For the record, I think stock buybacks are almost categorically a poor use of corporate cash.

Historically, most companies buy their own stock at market tops, the latest being Apple (NASDAQ:AAPL) with its $10 billion stock buyback plan beginning in October right after shares peaked. Furthermore, dividends return cash to shareholders in a direct way while many companies like Microsoft (NASDAQ:MSFT) and Walmart (NYSE:WMT) regularly spend billions each year on buybacks even though share prices stay flat and investors never really see any material gains.

Then, of course, there’s the earnings shell game where stock buybacks reduce the amount of shares outstanding and naturally juice earnings per share despite a lack of growth. It’s simple math where you reduce the denominator (shares) even if the numerator (profits) isn’t growing a lick, but many investors simply see the 5% or 10% EPS bump and assume that means good things.
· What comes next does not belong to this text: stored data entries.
(* Let $\mathcal{A}\subset[\mathbb{N}]^{<\infty}$ be hereditary and compact, let $P\subset\mathbb{N}$ be infinite and $\alpha<\omega_1$. Then $\mathcal{A}$ is $\alpha$-large on $P$ if and only if $\mathrm{CB}(\mathcal{A}\cap[Q]^{<\infty})\ge\alpha+1$ for every infinite $Q\subset P$.
   Context: $[M]^{<\infty}$ = finite subsets of $M$, with the topology of pointwise convergence of characteristic functions. For hereditary compact $\mathcal{A}$: $\mathcal{A}^{(1)}=\{A\in\mathcal{A}:\exists N\subset\mathbb{N}\text{ infinite},\ \forall n\in N\ A\cup\{n\}\in\mathcal{A}\}$, $\mathcal{A}^{(0)}=\mathcal{A}$, $\mathcal{A}^{(\beta+1)}=(\mathcal{A}^{(\beta)})^{(1)}$, $\mathcal{A}^{(\alpha)}=\bigcap_{\beta<\alpha}\mathcal{A}^{(\beta)}$ for limit $\alpha$, and $\mathrm{CB}(\mathcal{A})=\min\{\alpha<\omega_1:\mathcal{A}^{(\alpha)}=\emptyset\}$. Transfinite family: given finite sets $A_n(\alpha)\subset[0,\alpha)$ for each countable limit $\alpha$, increasing in $n$ with $\max A_n(\alpha)\to\alpha$, set $\mathcal{F}_0=\{\emptyset\}$, $\mathcal{F}_{\beta+1}=\{\{n\}\cup E:n\in\mathbb{N},E\in\mathcal{F}_\beta\}\cup\{\emptyset\}$, and for limit $\alpha$, $\mathcal{F}_\alpha=\{\emptyset\}\cup\{E\ne\emptyset:E\in\bigcup_{\beta\in A_{\min E}(\alpha)}\mathcal{F}_\beta\}$. For $N=\{n_1<n_2<\dots\}$, $\mathcal{F}^N=\{\{n_i:i\in E\}:E\in\mathcal{F}\}$. $\mathcal{A}$ is $\alpha$-large on $P$ if every infinite $M\subset P$ contains an infinite $N$ with $\mathcal{F}_\alpha^N\subset\mathcal{A}$ (this is independent of the chosen transfinite family). *)

theory Defs
  imports "HOL-Analysis.Analysis" "HOL-Library.Infinite_Set"
begin

text \<open>Countable ordinals: an ordinal alpha < omega_1 is represented as an element x of the
field of a well-order r on a countable set; alpha is the order type of the strict initial
segment below x, and the ordinals beta \<le> alpha are the elements y with (y,x) in r.\<close>

definition ord_less :: "'a rel \<Rightarrow> 'a \<Rightarrow> 'a \<Rightarrow> bool" where
  "ord_less r y z \<longleftrightarrow> (y, z) \<in> r \<and> y \<noteq> z"

definition is_zero :: "'a rel \<Rightarrow> 'a \<Rightarrow> bool" where
  "is_zero r y \<longleftrightarrow> y \<in> Field r \<and> \<not> (\<exists>z. ord_less r z y)"

definition is_succ_of :: "'a rel \<Rightarrow> 'a \<Rightarrow> 'a \<Rightarrow> bool" where
  "is_succ_of r p y \<longleftrightarrow> ord_less r p y \<and> \<not> (\<exists>z. ord_less r p z \<and> ord_less r z y)"

definition is_limit :: "'a rel \<Rightarrow> 'a \<Rightarrow> bool" where
  "is_limit r y \<longleftrightarrow> y \<in> Field r \<and> (\<exists>z. ord_less r z y) \<and> \<not> (\<exists>p. is_succ_of r p y)"

definition derive1 :: "nat set set \<Rightarrow> nat set set" where
  "derive1 \<A> = {S \<in> \<A>. \<exists>N::nat set. infinite N \<and> (\<forall>n\<in>N. insert n S \<in> \<A>)}"

definition deriv :: "'a rel \<Rightarrow> nat set set \<Rightarrow> 'a \<Rightarrow> nat set set" where
  "deriv r \<A> = wfrec (r - Id) (\<lambda>f y.
     if is_zero r y then \<A>
     else if (\<exists>p. is_succ_of r p y) then derive1 (f (THE p. is_succ_of r p y))
     else \<Inter> {f z | z. ord_less r z y})"

text \<open>CB(B) \<ge> alpha + 1, where alpha is the ordinal represented by x:
  there is no gamma \<le> alpha with B^(gamma) empty.\<close>

definition CB_ge_succ :: "'a rel \<Rightarrow> 'a \<Rightarrow> nat set set \<Rightarrow> bool" where
  "CB_ge_succ r x \<B> \<longleftrightarrow> (\<forall>y. (y, x) \<in> r \<longrightarrow> deriv r \<B> y \<noteq> {})"

definition hereditary :: "nat set set \<Rightarrow> bool" where
  "hereditary \<A> \<longleftrightarrow> (\<forall>S\<in>\<A>. \<forall>T. T \<subseteq> S \<longrightarrow> T \<in> \<A>)"

text \<open>Characteristic function; nat \<Rightarrow> real carries the product topology
  (pointwise convergence).\<close>

definition charf :: "nat set \<Rightarrow> (nat \<Rightarrow> real)" where
  "charf S = (\<lambda>n. if n \<in> S then 1 else 0)"

definition compact_family :: "nat set set \<Rightarrow> bool" where
  "compact_family \<A> \<longleftrightarrow> compact (charf ` \<A>)"

definition transfinite_data :: "'a rel \<Rightarrow> ('a \<Rightarrow> nat \<Rightarrow> 'a set) \<Rightarrow> bool" where
  "transfinite_data r Af \<longleftrightarrow> (\<forall>y. is_limit r y \<longrightarrow>
      (\<forall>n. finite (Af y n) \<and> (\<forall>z\<in>Af y n. ord_less r z y) \<and> Af y n \<subseteq> Af y (Suc n)) \<and>
      (\<forall>z. ord_less r z y \<longrightarrow> (\<exists>n0. \<forall>n\<ge>n0. \<exists>w\<in>Af y n. (z, w) \<in> r)))"

definition famF :: "'a rel \<Rightarrow> ('a \<Rightarrow> nat \<Rightarrow> 'a set) \<Rightarrow> 'a \<Rightarrow> nat set set" where
  "famF r Af = wfrec (r - Id) (\<lambda>f y.
     if is_zero r y then {{}}
     else if (\<exists>p. is_succ_of r p y)
       then {insert n E | n E. E \<in> f (THE p. is_succ_of r p y)} \<union> {{}}
     else {{}} \<union> {E. E \<noteq> {} \<and> (\<exists>z\<in>Af y (Min E). E \<in> f z)})"

text \<open>F^N, with N = {n_0 < n_1 < ...} enumerated from index 0.\<close>

definition famF_on :: "nat set set \<Rightarrow> nat set \<Rightarrow> nat set set" where
  "famF_on \<F> N = (\<lambda>E. enumerate N ` E) ` \<F>"

definition large :: "'a rel \<Rightarrow> ('a \<Rightarrow> nat \<Rightarrow> 'a set) \<Rightarrow> 'a \<Rightarrow> nat set set \<Rightarrow> nat set \<Rightarrow> bool" where
  "large r Af x \<A> P \<longleftrightarrow> (\<forall>M. M \<subseteq> P \<and> infinite M \<longrightarrow>
      (\<exists>N. N \<subseteq> M \<and> infinite N \<and> famF_on (famF r Af x) N \<subseteq> \<A>))"

end

theory Submission
  imports Defs
begin

(*
  Both directions go by induction along the well-order, for an arbitrary hereditary family B
  in place of A, since the induction passes to links {T. insert n T \<in> B} and traces B \<inter> [Q].

  Forward: {} lies in the y-th derivative of F_y, and the enumeration of N is injective, so it
  carries derivatives of F_y into derivatives of F_y^N. Hence F_x^N \<subseteq> A with N \<subseteq> Q puts {}
  into the x-th derivative of A \<inter> [Q], which for hereditary families means CB(A \<inter> [Q]) \<ge> x + 1.

  Backward: at a successor y = p + 1, an exhaustion argument gives inside every infinite Q some n
  and an infinite Q' \<subseteq> Q on which the link of B at n satisfies the hypothesis for p, so the
  induction hypothesis places a copy of F_p there. At a limit y, the finitely many F_z with
  z \<in> A_k(y) are placed simultaneously. In both cases a diagonal sequence n_0 < n_1 < ...
  assembles these copies into one of F_y; they fit together because F_y is spreading, i.e.
  closed under moving elements upwards.
*)

lemma enumerate_range_strict_mono:
  fixes f :: "nat \<Rightarrow> nat"
  assumes "strict_mono f"
  shows "enumerate (range f) n = f n"
proof (induction n)
  case 0
  show ?case unfolding enumerate_0
    by (rule Least_equality) (auto simp: strict_mono_less_eq[OF assms])
next
  case (Suc n)
  have inf: "infinite (range f)"
    using range_inj_infinite[OF strict_mono_imp_inj_on[OF assms]] .
  show ?case unfolding enumerate_Suc''[OF inf] Suc.IH
    by (intro Least_equality)
      (auto simp: strict_mono_less[OF assms] strict_mono_less_eq[OF assms] Suc_le_eq)
qed

lemma enumerate_le_strict_mono:
  fixes g :: "nat \<Rightarrow> nat"
  assumes L: "infinite L" and g: "strict_mono g" "\<And>j. a \<le> j \<Longrightarrow> g j \<in> L"
    and start: "enumerate L a \<le> g a" and "a \<le> j"
  shows "enumerate L j \<le> g j"
  using \<open>a \<le> j\<close>
proof (induction j rule: dec_induct)
  case base
  show ?case by (fact start)
next
  case (step j)
  have "enumerate L (Suc j) = (LEAST s. s \<in> L \<and> enumerate L j < s)"
    using enumerate_Suc''[OF L] .
  also have "\<dots> \<le> g (Suc j)"
    using step g by (intro Least_le) (simp add: strict_mono_less order.strict_trans1)
  finally show ?case .
qed

lemma enumerate_le_enumerate_subset:
  fixes N :: "nat set"
  assumes N': "infinite N'" and "N' \<subseteq> N"
  shows "enumerate N j \<le> enumerate N' j"
proof (rule enumerate_le_strict_mono)
  show "infinite N" using assms infinite_super by blast
  show "enumerate N 0 \<le> enumerate N' 0"
    unfolding enumerate_0[of N] using enumerate_in_set[OF N'] assms(2) by (blast intro: Least_le)
qed (use N' assms(2) enumerate_in_set strict_mono_enumerate in auto)

lemma nested_sequence_diagonal:
  fixes f :: "nat \<Rightarrow> nat"
  assumes Ls: "\<And>k. infinite (Ls k)" "\<And>k. Ls k \<subseteq> Qs k" and f: "\<And>k. f k \<in> Qs k"
    and Qs_Suc: "\<And>k. Qs (Suc k) = {q \<in> Ls k. f k < q \<and> enumerate (Ls k) (Suc k) \<le> q}"
  shows "strict_mono f" and "k < j \<Longrightarrow> f j \<in> Ls k \<and> enumerate (Ls k) j \<le> f j"
proof -
  show "strict_mono f"
    unfolding strict_mono_Suc_iff using f[of "Suc _"] by (simp add: Qs_Suc)
  have "decseq Qs"
    unfolding decseq_Suc_iff Qs_Suc using Ls(2) by blast
  then have in_Ls: "f j \<in> Ls k" if "k < j" for k j
    using f[of j] decseqD[of Qs "Suc k" j] that by (auto simp: Qs_Suc)
  assume "k < j"
  have "enumerate (Ls k) j \<le> f j"
  proof (rule enumerate_le_strict_mono[OF Ls(1) \<open>strict_mono f\<close>])
    show "enumerate (Ls k) (Suc k) \<le> f (Suc k)"
      using f[of "Suc k"] by (simp add: Qs_Suc)
  qed (use in_Ls \<open>k < j\<close> in auto)
  then show "f j \<in> Ls k \<and> enumerate (Ls k) j \<le> f j"
    using in_Ls[OF \<open>k < j\<close>] by blast
qed

lemma diagonal_sequence:
  fixes M :: "nat set" and R :: "nat \<Rightarrow> nat \<Rightarrow> nat set \<Rightarrow> bool"
  assumes "infinite M"
    and step: "\<And>k Q. Q \<subseteq> M \<Longrightarrow> infinite Q \<Longrightarrow> \<exists>n\<in>Q. \<exists>L\<subseteq>Q. infinite L \<and> R k n L"
  obtains f Ls where "strict_mono f" "range f \<subseteq> M" "\<And>k. infinite (Ls k)" "\<And>k. R k (f k) (Ls k)"
    "\<And>k j. k < j \<Longrightarrow> f j \<in> Ls k \<and> enumerate (Ls k) j \<le> f j"
proof -
  have "\<forall>k Q. \<exists>n L. Q \<subseteq> M \<and> infinite Q \<longrightarrow> n \<in> Q \<and> L \<subseteq> Q \<and> infinite L \<and> R k n L"
    using step by blast
  then obtain n L where nL: "\<And>k Q. Q \<subseteq> M \<Longrightarrow> infinite Q \<Longrightarrow>
      n k Q \<in> Q \<and> L k Q \<subseteq> Q \<and> infinite (L k Q) \<and> R k (n k Q) (L k Q)"
    by metis
  define Qs where "Qs = rec_nat M (\<lambda>k Q. {q \<in> L k Q. n k Q < q \<and> enumerate (L k Q) (Suc k) \<le> q})"
  define f where "f k = n k (Qs k)" for k
  define Ls where "Ls k = L k (Qs k)" for k
  have Qs_Suc: "Qs (Suc k) = {q \<in> Ls k. f k < q \<and> enumerate (Ls k) (Suc k) \<le> q}" for k
    by (simp add: Qs_def f_def Ls_def)
  have Qs: "Qs k \<subseteq> M \<and> infinite (Qs k)" for k
  proof (induction k)
    case 0
    show ?case using assms(1) by (simp add: Qs_def)
  next
    case (Suc k)
    then have "Ls k \<subseteq> M" "infinite (Ls k)"
      using nL[of "Qs k" k] by (auto simp: Ls_def)
    moreover have "Qs (Suc k) = Ls k - {..<max (Suc (f k)) (enumerate (Ls k) (Suc k))}"
      by (auto simp: Qs_Suc)
    ultimately show ?case
      by auto
  qed
  have f_Ls: "f k \<in> Qs k" "Ls k \<subseteq> Qs k" "infinite (Ls k)" "R k (f k) (Ls k)" for k
    using nL[of "Qs k" k] Qs[of k] by (simp_all add: f_def Ls_def)
  note diagonal = nested_sequence_diagonal[OF f_Ls(3,2,1) Qs_Suc]
  have "range f \<subseteq> M"
    using f_Ls(1) Qs by blast
  then show ?thesis
    using diagonal f_Ls(3,4) by (intro that[of f Ls]) auto
qed

lemma derive1_subset: "derive1 B \<subseteq> B"
  unfolding derive1_def by blast

lemma derive1_mono: "B \<subseteq> C \<Longrightarrow> derive1 B \<subseteq> derive1 C"
  unfolding derive1_def by blast

lemma hereditaryD: "hereditary B \<Longrightarrow> S \<in> B \<Longrightarrow> T \<subseteq> S \<Longrightarrow> T \<in> B"
  unfolding hereditary_def by blast

lemma hereditary_derive1:
  assumes "hereditary B"
  shows "hereditary (derive1 B)"
  unfolding hereditary_def derive1_def
  using hereditaryD[OF assms] insert_mono by (smt (verit) mem_Collect_eq)

lemma hereditary_Inter: "(\<And>X. X \<in> \<X> \<Longrightarrow> hereditary X) \<Longrightarrow> hereditary (\<Inter> \<X>)"
  unfolding hereditary_def by blast

lemma hereditary_Int_Pow: "hereditary B \<Longrightarrow> hereditary (B \<inter> {S. S \<subseteq> Q})"
  unfolding hereditary_def by blast

definition link :: "nat \<Rightarrow> nat set set \<Rightarrow> nat set set" where
  "link n B = {T. insert n T \<in> B}"

lemma hereditary_link: "hereditary B \<Longrightarrow> hereditary (link n B)"
  unfolding hereditary_def link_def by (metis hereditaryD insert_mono mem_Collect_eq)

lemma famF_on_range:
  assumes "strict_mono f"
  shows "famF_on F (range f) = image f ` F"
proof -
  have "enumerate (range f) = f"
    using enumerate_range_strict_mono[OF assms] by blast
  then show ?thesis
    unfolding famF_on_def by simp
qed

lemma famF_on_subset_Pow: "infinite N \<Longrightarrow> S \<in> famF_on F N \<Longrightarrow> S \<subseteq> N"
  unfolding famF_on_def using enumerate_in_set by blast

(* For hereditary B: CB(B \<inter> [Q]) \<ge> y + 1 for every infinite Q \<subseteq> M. *)
definition CB_ge_succ_on :: "'a rel \<Rightarrow> 'a \<Rightarrow> nat set set \<Rightarrow> nat set \<Rightarrow> bool" where
  "CB_ge_succ_on r y B M \<longleftrightarrow> (\<forall>Q. Q \<subseteq> M \<and> infinite Q \<longrightarrow> {} \<in> deriv r (B \<inter> {S. S \<subseteq> Q}) y)"

lemma CB_ge_succ_on_subset: "M' \<subseteq> M \<Longrightarrow> CB_ge_succ_on r y B M \<Longrightarrow> CB_ge_succ_on r y B M'"
  unfolding CB_ge_succ_on_def by blast

lemma in_Diff_Id_iff_ord_less: "(z, y) \<in> r - Id \<longleftrightarrow> ord_less r z y"
  unfolding ord_less_def by auto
Still, if I’ve learned anything about stocks, it’s that my opinion matters very little. Wall Street doesn’t care what I think and is going to value things the way it is going to value things.

And like it or lump it, many folks see stock buybacks as a bullish sign.

I recently quoted growth guru Louis Navellier saying, “If Wall Street does not price a company properly, then they have the right to buy their stock back (or even) go private. These buybacks are truly a big story right now.”

It seems that story has continued, most recently with these recent headlines:

That’s just some of the more recent repurchase announcements, and ones that are in the billion-dollar range. As of last week, the Street was putting up its third-best February since 1999 for stock buybacks, with $69 billion worth of repurchases announced so far in the month.

I remain skeptical of the power of buybacks. But many investors like them, since they at least nominally “return capital to shareholders.” And in this sentiment- and psychology-driven market, don’t discount the power of giving investors a warm, fuzzy feeling about a certain stock.

Furthermore, if buybacks are coupled with insider buying — that is, human managers putting their own money on the line via their company stock instead of just using corporate coffers to play accounting tricks — there is a meaningful case to be made that repurchases can be a bullish sign.

Also, data suggests that, in part, 2012’s big run had something to do with big repurchase plans that topped $300 billion on the year.

We’ll see if the buyback binge continues, and only time will tell whether it helps fuel another leg to the market.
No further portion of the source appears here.